# YOUR INSTRUCTIONS
Retype, word for word, every line from the one holding "(\<chi> i. frechet_derivative" through the one holding "theory Submission" in the entries below, both included, and only those lines.
===== RECORD EXTRACTS
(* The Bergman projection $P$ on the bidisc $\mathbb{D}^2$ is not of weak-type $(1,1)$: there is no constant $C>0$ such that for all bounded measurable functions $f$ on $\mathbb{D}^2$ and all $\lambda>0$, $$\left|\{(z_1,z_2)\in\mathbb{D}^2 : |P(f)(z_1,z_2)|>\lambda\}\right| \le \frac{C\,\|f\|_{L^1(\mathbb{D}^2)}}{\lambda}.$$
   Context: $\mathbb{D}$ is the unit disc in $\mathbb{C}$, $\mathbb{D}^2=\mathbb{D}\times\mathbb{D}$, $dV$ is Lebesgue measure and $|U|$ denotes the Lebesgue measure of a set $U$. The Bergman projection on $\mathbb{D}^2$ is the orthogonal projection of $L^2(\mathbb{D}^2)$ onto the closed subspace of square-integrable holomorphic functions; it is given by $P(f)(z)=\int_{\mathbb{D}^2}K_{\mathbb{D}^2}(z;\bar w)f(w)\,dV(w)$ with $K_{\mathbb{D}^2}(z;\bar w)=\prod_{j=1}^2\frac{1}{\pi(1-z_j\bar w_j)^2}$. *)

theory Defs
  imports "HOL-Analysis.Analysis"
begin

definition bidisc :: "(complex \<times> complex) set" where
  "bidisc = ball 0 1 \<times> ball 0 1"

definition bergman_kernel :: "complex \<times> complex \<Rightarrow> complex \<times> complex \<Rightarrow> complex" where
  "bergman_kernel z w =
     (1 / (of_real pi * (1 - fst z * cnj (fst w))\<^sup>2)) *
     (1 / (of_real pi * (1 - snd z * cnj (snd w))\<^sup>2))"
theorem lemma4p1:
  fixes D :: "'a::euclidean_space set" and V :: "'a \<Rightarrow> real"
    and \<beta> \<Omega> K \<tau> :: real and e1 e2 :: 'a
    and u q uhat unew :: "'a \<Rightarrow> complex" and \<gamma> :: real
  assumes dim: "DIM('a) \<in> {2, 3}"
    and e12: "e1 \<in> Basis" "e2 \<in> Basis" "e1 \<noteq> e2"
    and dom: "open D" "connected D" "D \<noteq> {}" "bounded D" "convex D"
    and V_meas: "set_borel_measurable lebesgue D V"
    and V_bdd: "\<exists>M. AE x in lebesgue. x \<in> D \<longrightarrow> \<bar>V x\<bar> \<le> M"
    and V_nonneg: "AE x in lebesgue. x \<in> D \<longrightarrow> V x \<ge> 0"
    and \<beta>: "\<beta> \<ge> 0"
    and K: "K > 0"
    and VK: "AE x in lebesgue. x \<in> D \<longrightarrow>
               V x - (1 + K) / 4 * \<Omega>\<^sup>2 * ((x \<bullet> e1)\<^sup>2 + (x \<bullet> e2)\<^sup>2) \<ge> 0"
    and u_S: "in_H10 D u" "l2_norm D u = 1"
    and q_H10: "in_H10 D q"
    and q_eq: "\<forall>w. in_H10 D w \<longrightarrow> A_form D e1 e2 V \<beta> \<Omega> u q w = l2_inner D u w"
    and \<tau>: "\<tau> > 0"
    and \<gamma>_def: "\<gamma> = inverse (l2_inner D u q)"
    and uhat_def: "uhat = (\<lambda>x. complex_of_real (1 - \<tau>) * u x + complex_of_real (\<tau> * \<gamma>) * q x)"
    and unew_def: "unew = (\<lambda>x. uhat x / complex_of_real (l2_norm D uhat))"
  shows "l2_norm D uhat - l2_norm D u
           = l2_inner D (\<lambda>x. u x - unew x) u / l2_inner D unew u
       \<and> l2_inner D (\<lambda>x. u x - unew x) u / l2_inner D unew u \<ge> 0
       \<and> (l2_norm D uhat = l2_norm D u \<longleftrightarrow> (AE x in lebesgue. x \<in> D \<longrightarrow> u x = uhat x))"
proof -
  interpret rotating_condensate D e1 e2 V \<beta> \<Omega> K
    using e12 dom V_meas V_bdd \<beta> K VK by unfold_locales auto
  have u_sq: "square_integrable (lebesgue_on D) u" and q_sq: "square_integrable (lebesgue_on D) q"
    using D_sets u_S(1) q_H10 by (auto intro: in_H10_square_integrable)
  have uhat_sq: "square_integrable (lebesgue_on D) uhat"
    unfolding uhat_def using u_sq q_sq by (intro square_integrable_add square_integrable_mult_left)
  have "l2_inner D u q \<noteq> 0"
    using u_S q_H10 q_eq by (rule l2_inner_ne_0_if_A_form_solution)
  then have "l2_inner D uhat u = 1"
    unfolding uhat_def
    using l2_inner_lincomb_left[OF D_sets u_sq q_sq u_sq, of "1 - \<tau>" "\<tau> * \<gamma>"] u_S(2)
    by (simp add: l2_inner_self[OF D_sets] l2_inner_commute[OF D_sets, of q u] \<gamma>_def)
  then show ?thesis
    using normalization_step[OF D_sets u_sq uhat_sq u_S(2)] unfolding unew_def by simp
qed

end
==========
===== RECORD EXTRACTS
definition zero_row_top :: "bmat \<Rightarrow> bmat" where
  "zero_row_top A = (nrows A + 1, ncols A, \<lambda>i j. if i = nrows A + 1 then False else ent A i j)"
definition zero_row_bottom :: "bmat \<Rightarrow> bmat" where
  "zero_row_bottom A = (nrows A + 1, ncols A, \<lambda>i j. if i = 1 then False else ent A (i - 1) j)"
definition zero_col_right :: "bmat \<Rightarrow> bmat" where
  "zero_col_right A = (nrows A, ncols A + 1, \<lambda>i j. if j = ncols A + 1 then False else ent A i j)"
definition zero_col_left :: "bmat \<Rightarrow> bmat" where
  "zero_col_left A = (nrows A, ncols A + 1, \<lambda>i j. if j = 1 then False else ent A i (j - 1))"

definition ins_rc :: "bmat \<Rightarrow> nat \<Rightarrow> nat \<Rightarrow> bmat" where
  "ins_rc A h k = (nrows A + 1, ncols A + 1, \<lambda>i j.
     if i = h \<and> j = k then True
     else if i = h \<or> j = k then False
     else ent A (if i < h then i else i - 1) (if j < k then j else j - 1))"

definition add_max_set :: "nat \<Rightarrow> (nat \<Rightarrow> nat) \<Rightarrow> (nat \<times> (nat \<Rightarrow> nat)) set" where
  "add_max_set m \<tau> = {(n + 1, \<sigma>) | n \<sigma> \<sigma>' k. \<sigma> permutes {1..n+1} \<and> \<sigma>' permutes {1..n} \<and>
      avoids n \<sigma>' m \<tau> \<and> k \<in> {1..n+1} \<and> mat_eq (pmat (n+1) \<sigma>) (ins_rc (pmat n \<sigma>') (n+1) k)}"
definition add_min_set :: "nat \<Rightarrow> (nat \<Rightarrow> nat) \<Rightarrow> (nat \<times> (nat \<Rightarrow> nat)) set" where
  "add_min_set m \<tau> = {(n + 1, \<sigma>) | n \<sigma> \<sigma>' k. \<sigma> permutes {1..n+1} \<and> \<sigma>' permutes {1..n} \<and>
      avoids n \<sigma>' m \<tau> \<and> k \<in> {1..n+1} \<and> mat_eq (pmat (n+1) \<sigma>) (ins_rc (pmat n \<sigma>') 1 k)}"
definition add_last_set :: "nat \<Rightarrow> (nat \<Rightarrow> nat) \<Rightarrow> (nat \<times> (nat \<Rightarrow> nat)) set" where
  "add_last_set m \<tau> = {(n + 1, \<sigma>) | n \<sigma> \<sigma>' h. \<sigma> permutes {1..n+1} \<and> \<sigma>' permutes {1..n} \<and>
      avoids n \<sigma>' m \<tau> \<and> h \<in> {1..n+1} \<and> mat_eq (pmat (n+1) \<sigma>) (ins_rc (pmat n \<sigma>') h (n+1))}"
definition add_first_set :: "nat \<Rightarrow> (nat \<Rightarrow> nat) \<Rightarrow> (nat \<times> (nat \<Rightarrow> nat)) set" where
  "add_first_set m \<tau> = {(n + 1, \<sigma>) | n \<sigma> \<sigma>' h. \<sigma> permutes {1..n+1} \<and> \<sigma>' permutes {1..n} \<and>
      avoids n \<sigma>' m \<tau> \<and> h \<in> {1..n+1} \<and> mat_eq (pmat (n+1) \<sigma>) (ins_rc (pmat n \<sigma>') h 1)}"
==========
===== RECORD EXTRACTS
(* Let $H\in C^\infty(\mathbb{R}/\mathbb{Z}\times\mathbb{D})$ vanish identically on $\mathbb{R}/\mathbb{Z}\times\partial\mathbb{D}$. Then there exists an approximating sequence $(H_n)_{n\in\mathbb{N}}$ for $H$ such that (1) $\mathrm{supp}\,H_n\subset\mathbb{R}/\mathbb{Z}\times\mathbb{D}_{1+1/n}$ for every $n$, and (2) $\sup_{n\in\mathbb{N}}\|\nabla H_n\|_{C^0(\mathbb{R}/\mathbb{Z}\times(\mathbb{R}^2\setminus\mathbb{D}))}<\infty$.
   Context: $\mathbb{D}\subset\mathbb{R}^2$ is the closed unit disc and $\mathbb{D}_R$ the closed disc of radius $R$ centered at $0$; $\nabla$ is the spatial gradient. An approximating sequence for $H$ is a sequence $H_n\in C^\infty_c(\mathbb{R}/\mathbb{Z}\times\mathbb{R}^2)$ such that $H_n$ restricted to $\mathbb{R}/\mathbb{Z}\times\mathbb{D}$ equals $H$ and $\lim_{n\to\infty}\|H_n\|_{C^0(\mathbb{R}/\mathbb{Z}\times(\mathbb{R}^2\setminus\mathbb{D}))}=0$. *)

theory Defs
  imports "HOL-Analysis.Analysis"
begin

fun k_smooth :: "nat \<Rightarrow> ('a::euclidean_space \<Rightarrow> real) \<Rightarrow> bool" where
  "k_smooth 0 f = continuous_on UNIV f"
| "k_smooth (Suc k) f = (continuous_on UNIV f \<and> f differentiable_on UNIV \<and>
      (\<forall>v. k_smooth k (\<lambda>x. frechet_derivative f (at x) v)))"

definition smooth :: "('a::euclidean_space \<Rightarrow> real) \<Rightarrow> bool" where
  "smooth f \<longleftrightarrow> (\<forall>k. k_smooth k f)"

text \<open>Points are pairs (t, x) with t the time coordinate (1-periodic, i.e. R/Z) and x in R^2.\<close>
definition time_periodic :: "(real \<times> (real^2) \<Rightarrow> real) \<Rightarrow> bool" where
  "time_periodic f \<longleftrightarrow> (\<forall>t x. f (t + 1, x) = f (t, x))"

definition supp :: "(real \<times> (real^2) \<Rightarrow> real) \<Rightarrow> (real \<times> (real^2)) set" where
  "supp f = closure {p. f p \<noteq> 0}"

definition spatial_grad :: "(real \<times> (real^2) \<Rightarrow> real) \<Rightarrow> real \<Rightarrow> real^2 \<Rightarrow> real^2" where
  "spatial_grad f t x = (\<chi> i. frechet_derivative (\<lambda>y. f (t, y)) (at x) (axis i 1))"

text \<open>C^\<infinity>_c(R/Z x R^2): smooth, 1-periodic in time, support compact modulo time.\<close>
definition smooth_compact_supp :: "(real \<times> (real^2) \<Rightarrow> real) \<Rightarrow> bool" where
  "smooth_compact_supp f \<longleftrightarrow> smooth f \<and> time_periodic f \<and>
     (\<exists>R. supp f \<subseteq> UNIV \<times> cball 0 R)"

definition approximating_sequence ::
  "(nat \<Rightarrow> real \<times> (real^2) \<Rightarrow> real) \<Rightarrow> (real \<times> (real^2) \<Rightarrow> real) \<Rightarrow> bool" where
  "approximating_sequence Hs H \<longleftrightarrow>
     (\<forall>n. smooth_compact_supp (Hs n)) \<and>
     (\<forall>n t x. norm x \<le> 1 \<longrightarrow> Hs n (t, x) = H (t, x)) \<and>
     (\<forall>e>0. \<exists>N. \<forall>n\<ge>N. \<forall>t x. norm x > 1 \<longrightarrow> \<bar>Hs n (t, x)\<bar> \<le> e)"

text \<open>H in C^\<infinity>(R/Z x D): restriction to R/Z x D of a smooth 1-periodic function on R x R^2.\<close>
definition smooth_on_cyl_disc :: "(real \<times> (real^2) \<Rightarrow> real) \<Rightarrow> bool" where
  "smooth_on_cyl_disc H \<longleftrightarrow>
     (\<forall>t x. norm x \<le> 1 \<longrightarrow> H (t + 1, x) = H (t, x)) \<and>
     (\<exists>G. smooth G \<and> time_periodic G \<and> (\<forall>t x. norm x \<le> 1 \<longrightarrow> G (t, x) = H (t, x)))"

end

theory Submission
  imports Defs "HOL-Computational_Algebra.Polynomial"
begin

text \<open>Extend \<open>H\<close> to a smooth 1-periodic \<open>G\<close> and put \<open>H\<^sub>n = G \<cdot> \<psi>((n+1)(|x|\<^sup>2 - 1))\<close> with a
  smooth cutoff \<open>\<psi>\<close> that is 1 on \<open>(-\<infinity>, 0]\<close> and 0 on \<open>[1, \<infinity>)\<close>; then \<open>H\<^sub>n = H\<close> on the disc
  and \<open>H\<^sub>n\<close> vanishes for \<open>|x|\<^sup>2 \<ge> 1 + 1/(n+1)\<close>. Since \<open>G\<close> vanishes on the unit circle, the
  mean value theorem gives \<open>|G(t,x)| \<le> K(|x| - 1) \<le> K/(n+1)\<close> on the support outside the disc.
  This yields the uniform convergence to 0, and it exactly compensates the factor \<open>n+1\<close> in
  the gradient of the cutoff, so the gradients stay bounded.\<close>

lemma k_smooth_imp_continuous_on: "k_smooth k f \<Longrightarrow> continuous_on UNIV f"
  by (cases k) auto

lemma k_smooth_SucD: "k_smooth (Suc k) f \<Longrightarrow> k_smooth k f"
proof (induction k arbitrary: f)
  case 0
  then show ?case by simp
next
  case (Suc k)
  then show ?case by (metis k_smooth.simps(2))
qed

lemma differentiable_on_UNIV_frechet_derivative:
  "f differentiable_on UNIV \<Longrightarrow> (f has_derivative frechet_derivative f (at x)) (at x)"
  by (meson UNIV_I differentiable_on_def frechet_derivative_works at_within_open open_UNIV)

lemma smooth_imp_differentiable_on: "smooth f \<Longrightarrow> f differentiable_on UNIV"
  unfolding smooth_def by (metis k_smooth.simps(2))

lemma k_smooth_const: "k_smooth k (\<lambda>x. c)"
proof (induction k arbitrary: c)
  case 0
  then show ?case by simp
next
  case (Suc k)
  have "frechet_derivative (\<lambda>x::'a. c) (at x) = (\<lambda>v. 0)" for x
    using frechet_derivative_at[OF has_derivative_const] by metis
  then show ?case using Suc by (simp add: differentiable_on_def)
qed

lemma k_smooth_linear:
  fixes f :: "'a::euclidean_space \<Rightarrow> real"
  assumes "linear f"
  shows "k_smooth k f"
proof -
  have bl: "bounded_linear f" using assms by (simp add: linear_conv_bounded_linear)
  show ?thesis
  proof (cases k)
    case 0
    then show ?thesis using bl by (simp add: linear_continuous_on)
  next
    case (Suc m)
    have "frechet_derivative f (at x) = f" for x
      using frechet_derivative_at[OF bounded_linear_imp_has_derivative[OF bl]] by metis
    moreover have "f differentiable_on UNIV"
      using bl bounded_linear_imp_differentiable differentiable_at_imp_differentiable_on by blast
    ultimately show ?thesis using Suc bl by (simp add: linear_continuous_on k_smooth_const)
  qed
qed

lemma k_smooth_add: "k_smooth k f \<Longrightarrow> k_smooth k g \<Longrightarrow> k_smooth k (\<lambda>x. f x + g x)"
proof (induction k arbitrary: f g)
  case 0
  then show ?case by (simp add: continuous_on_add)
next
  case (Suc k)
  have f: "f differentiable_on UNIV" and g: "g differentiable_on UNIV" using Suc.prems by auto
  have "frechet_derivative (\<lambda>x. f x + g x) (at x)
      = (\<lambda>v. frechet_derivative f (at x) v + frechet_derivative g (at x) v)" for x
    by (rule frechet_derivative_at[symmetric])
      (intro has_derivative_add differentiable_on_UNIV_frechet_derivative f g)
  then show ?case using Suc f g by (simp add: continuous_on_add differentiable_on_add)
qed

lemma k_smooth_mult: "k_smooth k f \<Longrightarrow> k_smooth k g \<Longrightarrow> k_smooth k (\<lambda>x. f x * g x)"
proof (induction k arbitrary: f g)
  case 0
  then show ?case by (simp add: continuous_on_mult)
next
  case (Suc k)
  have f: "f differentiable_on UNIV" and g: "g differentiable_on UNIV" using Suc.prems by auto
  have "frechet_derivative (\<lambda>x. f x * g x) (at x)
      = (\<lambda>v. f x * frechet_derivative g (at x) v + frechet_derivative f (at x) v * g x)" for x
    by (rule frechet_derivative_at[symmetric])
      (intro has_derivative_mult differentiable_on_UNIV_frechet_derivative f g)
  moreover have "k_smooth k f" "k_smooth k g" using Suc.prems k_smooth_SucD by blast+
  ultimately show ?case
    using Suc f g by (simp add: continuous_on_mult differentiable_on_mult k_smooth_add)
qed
==========
# RESPONSE
  "spatial_grad f t x = (\<chi> i. frechet_derivative (\<lambda>y. f (t, y)) (at x) (axis i 1))"

text \<open>C^\<infinity>_c(R/Z x R^2): smooth, 1-periodic in time, support compact modulo time.\<close>
definition smooth_compact_supp :: "(real \<times> (real^2) \<Rightarrow> real) \<Rightarrow> bool" where
  "smooth_compact_supp f \<longleftrightarrow> smooth f \<and> time_periodic f \<and>
     (\<exists>R. supp f \<subseteq> UNIV \<times> cball 0 R)"

definition approximating_sequence ::
  "(nat \<Rightarrow> real \<times> (real^2) \<Rightarrow> real) \<Rightarrow> (real \<times> (real^2) \<Rightarrow> real) \<Rightarrow> bool" where
  "approximating_sequence Hs H \<longleftrightarrow>
     (\<forall>n. smooth_compact_supp (Hs n)) \<and>
     (\<forall>n t x. norm x \<le> 1 \<longrightarrow> Hs n (t, x) = H (t, x)) \<and>
     (\<forall>e>0. \<exists>N. \<forall>n\<ge>N. \<forall>t x. norm x > 1 \<longrightarrow> \<bar>Hs n (t, x)\<bar> \<le> e)"

text \<open>H in C^\<infinity>(R/Z x D): restriction to R/Z x D of a smooth 1-periodic function on R x R^2.\<close>
definition smooth_on_cyl_disc :: "(real \<times> (real^2) \<Rightarrow> real) \<Rightarrow> bool" where
  "smooth_on_cyl_disc H \<longleftrightarrow>
     (\<forall>t x. norm x \<le> 1 \<longrightarrow> H (t + 1, x) = H (t, x)) \<and>
     (\<exists>G. smooth G \<and> time_periodic G \<and> (\<forall>t x. norm x \<le> 1 \<longrightarrow> G (t, x) = H (t, x)))"

end

theory Submission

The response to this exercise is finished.